Abstract Standard Transformer architectures and Euclidean Neural ODEs assume a flat, uniform latent space where state transitions occur along straight lines. However, human language is highly structured, non-linear, and geometrically complex. In this work, we introduce a continuous-time language model that replaces the standard Euclidean latent space with a learned, position-dependent Riemannian manifold. We define the ODE flow as $dz/dt = g^{-1}(z) f_\theta(z)$, where $g(z)$ is a low-rank perturbed metric tensor and $f_\theta(z)$ is a pure vector field.

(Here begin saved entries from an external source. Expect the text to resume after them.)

(* Let $\mathbb{F}_q$ be a finite field with $q$ elements and let $I\subset\mathbb{F}_q[x_1,\ldots,x_n]$ be a zero-dimensional ideal with irredundant primary decomposition $I=I_1\cap\cdots\cap I_t$. For $i=1,\ldots,t$ let $J_i=I_1\cap\cdots\cap I_{i-1}\cap I_{i+1}\cap\cdots\cap I_t$. Let $\Psi_I:\mathbb{F}_q[\mathbf{x}]/I\to\mathbb{F}_q[\mathbf{x}]/I$ be the $\mathbb{F}_q$-linear map $\Psi_I(\bar f)=\bar f^{\,q}-\bar f$. Then there exist $h_1,\ldots,h_t$ with $h_i\in J_i\setminus I_i$ and $\bar h_i^{\,2}=\bar h_i$ for each $i$, such that $\mathrm{Ker}(\Psi_I)$ is a direct product of one-dimensional $\mathbb{F}_q$-algebras $$\mathrm{Ker}(\Psi_I)=\langle\bar h_1\rangle\oplus\cdots\oplus\langle\bar h_t\rangle.$$
   Context: An ideal $I$ is zero-dimensional if $\mathbb{F}_q[\mathbf{x}]/I$ is a finite-dimensional $\mathbb{F}_q$-vector space. $\bar h$ denotes the class of $h$ in $\mathbb{F}_q[\mathbf{x}]/I$; $\langle\bar h_i\rangle$ denotes the one-dimensional $\mathbb{F}_q$-subspace $\mathbb{F}_q\bar h_i$, and the decomposition is an internal direct sum of these subalgebras inside $\mathbb{F}_q[\mathbf{x}]/I$. For $t=1$, $J_1=\mathbb{F}_q[\mathbf{x}]$. *)

theory Defs
  imports Main "HOL-Library.Poly_Mapping"
begin

text \<open>Multivariate polynomials over 'a in the variables indexed by the finite type 'n
  (so n = CARD('n)): finitely supported maps from monomials (exponent vectors) to coefficients.\<close>
type_synonym ('n, 'a) mpoly = "('n \<Rightarrow>\<^sub>0 nat) \<Rightarrow>\<^sub>0 'a"

definition pconst :: "'a::zero \<Rightarrow> ('n, 'a) mpoly" where
  "pconst c = Poly_Mapping.single 0 c"

definition is_ideal :: "'r::comm_ring_1 set \<Rightarrow> bool" where
  "is_ideal I \<longleftrightarrow> 0 \<in> I \<and> (\<forall>a\<in>I. \<forall>b\<in>I. a + b \<in> I) \<and> (\<forall>r. \<forall>a\<in>I. r * a \<in> I)"

definition radical :: "'r::comm_ring_1 set \<Rightarrow> 'r set" where
  "radical I = {f. \<exists>m. f ^ m \<in> I}"

definition primary_ideal :: "'r::comm_ring_1 set \<Rightarrow> bool" where
  "primary_ideal Q \<longleftrightarrow> is_ideal Q \<and> Q \<noteq> UNIV \<and>
     (\<forall>a b. a * b \<in> Q \<longrightarrow> a \<in> Q \<or> (\<exists>m. b ^ m \<in> Q))"

definition Jcomp :: "(nat \<Rightarrow> 'r set) \<Rightarrow> nat \<Rightarrow> nat \<Rightarrow> 'r set" where
  "Jcomp Ic t i = \<Inter> (Ic ` ({..<t} - {i}))"

definition irredundant_primary_decomposition ::
  "'r::comm_ring_1 set \<Rightarrow> (nat \<Rightarrow> 'r set) \<Rightarrow> nat \<Rightarrow> bool" where
  "irredundant_primary_decomposition I Ic t \<longleftrightarrow>
     I = \<Inter> (Ic ` {..<t}) \<and> (\<forall>i<t. primary_ideal (Ic i)) \<and>
     (\<forall>i<t. \<forall>j<t. i \<noteq> j \<longrightarrow> radical (Ic i) \<noteq> radical (Ic j)) \<and>
     (\<forall>i<t. \<not> Jcomp Ic t i \<subseteq> Ic i)"

text \<open>Zero-dimensional: the quotient ring is a finite-dimensional 'a-vector space,
  i.e. spanned (modulo I) by finitely many classes.\<close>
definition zero_dimensional :: "('n, 'a::field) mpoly set \<Rightarrow> bool" where
  "zero_dimensional I \<longleftrightarrow> is_ideal I \<and>
     (\<exists>B. finite B \<and> (\<forall>f. \<exists>c. f - (\<Sum>b\<in>B. pconst (c b) * b) \<in> I))"

end

theory Submission
  imports Defs "HOL-Computational_Algebra.Polynomial" "HOL-Library.FuncSet"
begin

text \<open>
  Modulo a primary ideal Q with finite quotient ring, every element outside the radical has a
  power congruent to 1, because its powers must repeat and Q is primary. Hence primary components
  with distinct radicals are pairwise comaximal, and the Chinese remainder construction gives h_i
  with h_i = 1 modulo I_i and h_i = 0 modulo I_j for j \<noteq> i; these are idempotent modulo I.
  Modulo a primary ideal Q, the identity f^q - f = \<Prod>c. (f - c) puts some f - c into the radical
  of Q; every other factor f - d is then congruent to the nonzero constant c - d modulo that
  radical, so it lies outside it and primality gives f = c modulo Q. Thus f^q = f modulo I exactly
  when f = \<Sum>i. c_i h_i modulo I, and the c_i are unique since no I_i contains a nonzero constant.
\<close>

lemma pconst_0 [simp]: "pconst 0 = 0"
  by (simp add: pconst_def)
(* Let $m\ge 2$ be an integer and let $\mathcal{A}\subset\mathbb{R}$ be a finite alphabet. Let $(X^{(j)}_i)_{i\ge 1,\,1\le j\le m}$ be independent and identically distributed random variables with values in $\mathcal{A}$. Let $S:\mathcal{A}^m\to[0,\infty)$ be a function that is not identically zero, is invariant under permutations of its $m$ arguments, satisfies $s^*:=\sup_{x\in\mathcal{A}^m}S(x)<\infty$, and for which there is a constant $D>0$ such that $|S(x)-S(y)|\le D$ whenever $x,y\in\mathcal{A}^m$ differ in at most one coordinate. For $N\in\mathbb{N}$ let $L_N$ be the optimal alignment score of the $m$ words $X^{(j)}_1\cdots X^{(j)}_N$, $j=1,\dots,m$. Then for every $n\in\mathbb{N}$ and every $x>0$, $$\mathbb{P}\big(L_{m^2n}\ge m^2x\big)\le 2^{-m}m^{4m}n^{2m}\Big(\mathbb{P}\big(L_{mn}\ge m(x-s^* )\big)\Big)^{1/m}.$$
   Context: Alignments and optimal score: for finite words $w^{(1)},\dots,w^{(m)}$ over $\mathcal{A}$ of lengths $\ell_1,\dots,\ell_m$, an alignment is a choice of an integer $k\ge 0$ and, for each $j$, indices $1\le \pi^{(j)}_1<\cdots<\pi^{(j)}_k\le \ell_j$; its score is $\sum_{i=1}^k S(w^{(1)}_{\pi^{(1)}_i},\dots,w^{(m)}_{\pi^{(m)}_i})$. The optimal score $L(w^{(1)};\dots;w^{(m)})$ is the maximum score over all alignments. *)

theory Defs
  imports "HOL-Probability.Probability"
begin

text \<open>Words are lists; an m-tuple of letters is a list of length m.
  An alignment of the words ws (0-based positions) is a number k and, for each word j,
  a strictly increasing map of {..<k} into the positions of word j.\<close>

definition alignment_scores :: "(real list \<Rightarrow> real) \<Rightarrow> real list list \<Rightarrow> real set" where
  "alignment_scores S ws =
     {(\<Sum>i<k. S (map (\<lambda>j. (ws ! j) ! (\<pi> j i)) [0..<length ws])) | (k::nat) (\<pi>::nat \<Rightarrow> nat \<Rightarrow> nat).
        \<forall>j < length ws. strict_mono_on {..<k} (\<pi> j) \<and> (\<forall>i<k. \<pi> j i < length (ws ! j))}"

definition opt_score :: "(real list \<Rightarrow> real) \<Rightarrow> real list list \<Rightarrow> real" where
  "opt_score S ws = Sup (alignment_scores S ws)"

definition L_N :: "(real list \<Rightarrow> real) \<Rightarrow> nat \<Rightarrow> (nat \<Rightarrow> nat \<Rightarrow> 'w \<Rightarrow> real) \<Rightarrow> nat \<Rightarrow> 'w \<Rightarrow> real" where
  "L_N S m X N \<omega> = opt_score S (map (\<lambda>j. map (\<lambda>i. X i j \<omega>) [1..<N+1]) [1..<m+1])"

end

theory Submission
  imports Defs
begin

text \<open>If the \<open>m\<close> words of length \<open>m^2 n\<close> align with score at least \<open>m^2 x\<close>, cut an optimal
  alignment into \<open>m^2\<close> consecutive blocks, each scoring at least \<open>x - s*\<close>. The blocks occupy
  disjoint windows of every word, so some block lives in windows of total length at most \<open>m n\<close>.
  The event is therefore covered by at most \<open>(m^2 n)^m (m n)^m\<close> events \<open>E(st, lw)\<close>: the windows
  with starts \<open>st\<close> and lengths \<open>lw\<close>, \<open>\<Sum> lw \<le> m n\<close>, align with score at least \<open>x - s*\<close>.
  Finally \<open>P(E)^m \<le> P(L_{mn} \<ge> m (x - s*))\<close>: stacking \<open>m\<close> cyclically rotated copies of the window
  layout in the first \<open>m n\<close> letters of the words yields \<open>m\<close> independent copies of \<open>E\<close>, and on their
  intersection the concatenated alignments (rotation does not matter, \<open>S\<close> being symmetric) score at
  least \<open>m (x - s*)\<close>.\<close>

section \<open>Alignments\<close>

definition alignment_score :: "(real list \<Rightarrow> real) \<Rightarrow> real list list \<Rightarrow> nat \<Rightarrow> (nat \<Rightarrow> nat \<Rightarrow> nat) \<Rightarrow> real" where
  "alignment_score S ws k \<pi> = (\<Sum>i<k. S (map (\<lambda>j. ws ! j ! \<pi> j i) [0..<length ws]))"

Through dual regularization—penalizing vector field magnitude and preserving local metric volume—we force the optimizer to actively terraform the latent space. We document the training dynamics of this system on the TinyStories dataset, detailing an initial chaotic "terraforming phase" restricted by geometric capacity, followed by a successful equilibrium using a 64-dimensional metric rank. Finally, we map the trajectory endpoints of the converged manifold, revealing that the Riemannian metric successfully carves out distinct, physically separated topographical basins for specific semantic and syntactic clusters (e.g., distinct valleys for physical nouns and active verbs).

1. Introduction: The Euclidean Problem

In standard deep learning approaches to natural language processing, the latent space is implicitly treated as a flat, Euclidean vector space ($\mathbb{R}^d$). When a neural network processes a sequence of tokens, or when a standard Neural ODE integrates a continuous latent path, the flow between semantic states naturally takes the "lazy" path of least resistance: a straight line.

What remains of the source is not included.